> _ASSIGNMENT_
Of the lines in the data below, write out exactly those from the one holding "mat_spectral_radius (Dx_mat Df Xp" through the one holding "convergence to every", both included.
+ + + + + + +
definition C1_with :: "('a::real_normed_vector \<Rightarrow> 'b::real_normed_vector) \<Rightarrow> ('a \<Rightarrow> 'a \<Rightarrow>\<^sub>L 'b) \<Rightarrow> bool" where
  "C1_with g Dg \<longleftrightarrow> (\<forall>z. (g has_derivative blinfun_apply (Dg z)) (at z)) \<and> continuous_on UNIV Dg"

definition Dx_mat :: "((real^'l) \<times> (real^'m) \<Rightarrow> ((real^'l) \<times> (real^'m)) \<Rightarrow>\<^sub>L (real^'l)) \<Rightarrow> real^'l \<Rightarrow> real^'m \<Rightarrow> real^'l^'l" where
  "Dx_mat Df x p = matrix (\<lambda>v. blinfun_apply (Df (x, p)) (v, 0))"

definition parameter_shift :: "(real \<Rightarrow> real^'m) \<Rightarrow> real^'m \<Rightarrow> real^'m \<Rightarrow> bool" where
  "parameter_shift \<Lambda> lm lp \<longleftrightarrow>
     (\<exists>\<Lambda>'. (\<forall>s. (\<Lambda> has_vector_derivative \<Lambda>' s) (at s)) \<and> continuous_on UNIV \<Lambda>' \<and>
            (\<Lambda>' \<longlongrightarrow> 0) at_top \<and> (\<Lambda>' \<longlongrightarrow> 0) at_bot) \<and>
     (\<Lambda> \<longlongrightarrow> lp) at_top \<and> (\<Lambda> \<longlongrightarrow> lm) at_bot"

definition stable_path ::
  "(real^'l \<Rightarrow> real^'m \<Rightarrow> real^'l) \<Rightarrow> ((real^'l) \<times> (real^'m) \<Rightarrow> ((real^'l) \<times> (real^'m)) \<Rightarrow>\<^sub>L (real^'l))
   \<Rightarrow> (real \<Rightarrow> real^'m) \<Rightarrow> real^'m \<Rightarrow> real^'m \<Rightarrow> (real \<Rightarrow> real^'l) \<Rightarrow> real^'l \<Rightarrow> real^'l \<Rightarrow> bool" where
  "stable_path f Df \<Lambda> lm lp X Xm Xp \<longleftrightarrow>
     (\<forall>s. f (X s) (\<Lambda> s) = X s) \<and>
     connected ((\<lambda>s. (s, X s)) ` UNIV) \<and>
     (X \<longlongrightarrow> Xp) at_top \<and> (X \<longlongrightarrow> Xm) at_bot \<and>
     f Xp lp = Xp \<and> f Xm lm = Xm \<and>
     (\<forall>s. mat_spectral_radius (Dx_mat Df (X s) (\<Lambda> s)) < 1) \<and>
     mat_spectral_radius (Dx_mat Df Xp lp) < 1 \<and>
     mat_spectral_radius (Dx_mat Df Xm lm) < 1"

text \<open>Forward orbit: orbit ... n0 y k = y_{n0+k}, with y_{n+1} = f(y_n, \<Lambda>(r n)).\<close>
fun orbit :: "('a \<Rightarrow> 'p \<Rightarrow> 'a) \<Rightarrow> (real \<Rightarrow> 'p) \<Rightarrow> real \<Rightarrow> int \<Rightarrow> 'a \<Rightarrow> nat \<Rightarrow> 'a" where
  "orbit f \<Lambda> r n0 y 0 = y"
| "orbit f \<Lambda> r n0 y (Suc k) = f (orbit f \<Lambda> r n0 y k) (\<Lambda> (r * real_of_int (n0 + int k)))"

text \<open>phi(n1,n0,y) = y_{n1}; meaningful for n0 \<le> n1.\<close>
definition phi :: "('a \<Rightarrow> 'p \<Rightarrow> 'a) \<Rightarrow> (real \<Rightarrow> 'p) \<Rightarrow> real \<Rightarrow> int \<Rightarrow> int \<Rightarrow> 'a \<Rightarrow> 'a" where
  "phi f \<Lambda> r n1 n0 y = orbit f \<Lambda> r n0 y (nat (n1 - n0))"

end

theory Submission
  imports Defs "Jordan_Normal_Form.Spectral_Radius"
begin

text \<open>
  The linearisation \<open>L = D\<^sub>xf(X\<^sub>-, \<lambda>\<^sub>-)\<close> has spectral radius below 1, so by the Jordan
  normal form some power \<open>L\<^sup>N\<close> contracts by a factor 1/4. Far in the past the solution
  \<open>x\<^sub>n\<close> stays near \<open>X\<^sub>-\<close> and \<open>\<Lambda>(rn)\<close> near \<open>\<lambda>\<^sub>-\<close>, where \<open>f\<close> is uniformly close to
  its linearisation; hence the difference \<open>e\<^sub>j\<close> between \<open>x\<close> and an orbit started near \<open>X\<^sub>-\<close>
  satisfies \<open>e\<^sub>j\<^sub>+\<^sub>1 \<approx> L e\<^sub>j\<close> with a small relative error and is halved over every block of
  \<open>N\<close> steps. So at each fixed time \<open>T\<close> far enough in the past the orbit converges to \<open>x\<^sub>T\<close> as
  \<open>n\<^sub>0 \<rightarrow> -\<infinity>\<close>, and continuity of the finitely many maps from \<open>T\<close> to \<open>n\<^sub>1\<close> transports this
  convergence to every \<open>n\<^sub>1\<close>.
\<close>

no_notation vec_index (infixl "$" 100)
hide_const (open) Determinant.det

section \<open>Spectral radius and powers of a real matrix\<close>

definition cart_index :: "nat \<Rightarrow> 'n::finite" where
  "cart_index = (SOME h. bij_betw h {0..<CARD('n)} UNIV)"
+ + + + + + +
> _SOLUTION TO THE PROBLEM_
     mat_spectral_radius (Dx_mat Df Xp lp) < 1 \<and>
     mat_spectral_radius (Dx_mat Df Xm lm) < 1"

text \<open>Forward orbit: orbit ... n0 y k = y_{n0+k}, with y_{n+1} = f(y_n, \<Lambda>(r n)).\<close>
fun orbit :: "('a \<Rightarrow> 'p \<Rightarrow> 'a) \<Rightarrow> (real \<Rightarrow> 'p) \<Rightarrow> real \<Rightarrow> int \<Rightarrow> 'a \<Rightarrow> nat \<Rightarrow> 'a" where
  "orbit f \<Lambda> r n0 y 0 = y"
| "orbit f \<Lambda> r n0 y (Suc k) = f (orbit f \<Lambda> r n0 y k) (\<Lambda> (r * real_of_int (n0 + int k)))"

text \<open>phi(n1,n0,y) = y_{n1}; meaningful for n0 \<le> n1.\<close>
definition phi :: "('a \<Rightarrow> 'p \<Rightarrow> 'a) \<Rightarrow> (real \<Rightarrow> 'p) \<Rightarrow> real \<Rightarrow> int \<Rightarrow> int \<Rightarrow> 'a \<Rightarrow> 'a" where
  "phi f \<Lambda> r n1 n0 y = orbit f \<Lambda> r n0 y (nat (n1 - n0))"

end

theory Submission
  imports Defs "Jordan_Normal_Form.Spectral_Radius"
begin

text \<open>
  The linearisation \<open>L = D\<^sub>xf(X\<^sub>-, \<lambda>\<^sub>-)\<close> has spectral radius below 1, so by the Jordan
  normal form some power \<open>L\<^sup>N\<close> contracts by a factor 1/4. Far in the past the solution
  \<open>x\<^sub>n\<close> stays near \<open>X\<^sub>-\<close> and \<open>\<Lambda>(rn)\<close> near \<open>\<lambda>\<^sub>-\<close>, where \<open>f\<close> is uniformly close to
  its linearisation; hence the difference \<open>e\<^sub>j\<close> between \<open>x\<close> and an orbit started near \<open>X\<^sub>-\<close>
  satisfies \<open>e\<^sub>j\<^sub>+\<^sub>1 \<approx> L e\<^sub>j\<close> with a small relative error and is halved over every block of
  \<open>N\<close> steps. So at each fixed time \<open>T\<close> far enough in the past the orbit converges to \<open>x\<^sub>T\<close> as
  \<open>n\<^sub>0 \<rightarrow> -\<infinity>\<close>, and continuity of the finitely many maps from \<open>T\<close> to \<open>n\<^sub>1\<close> transports this
  convergence to every \<open>n\<^sub>1\<close>.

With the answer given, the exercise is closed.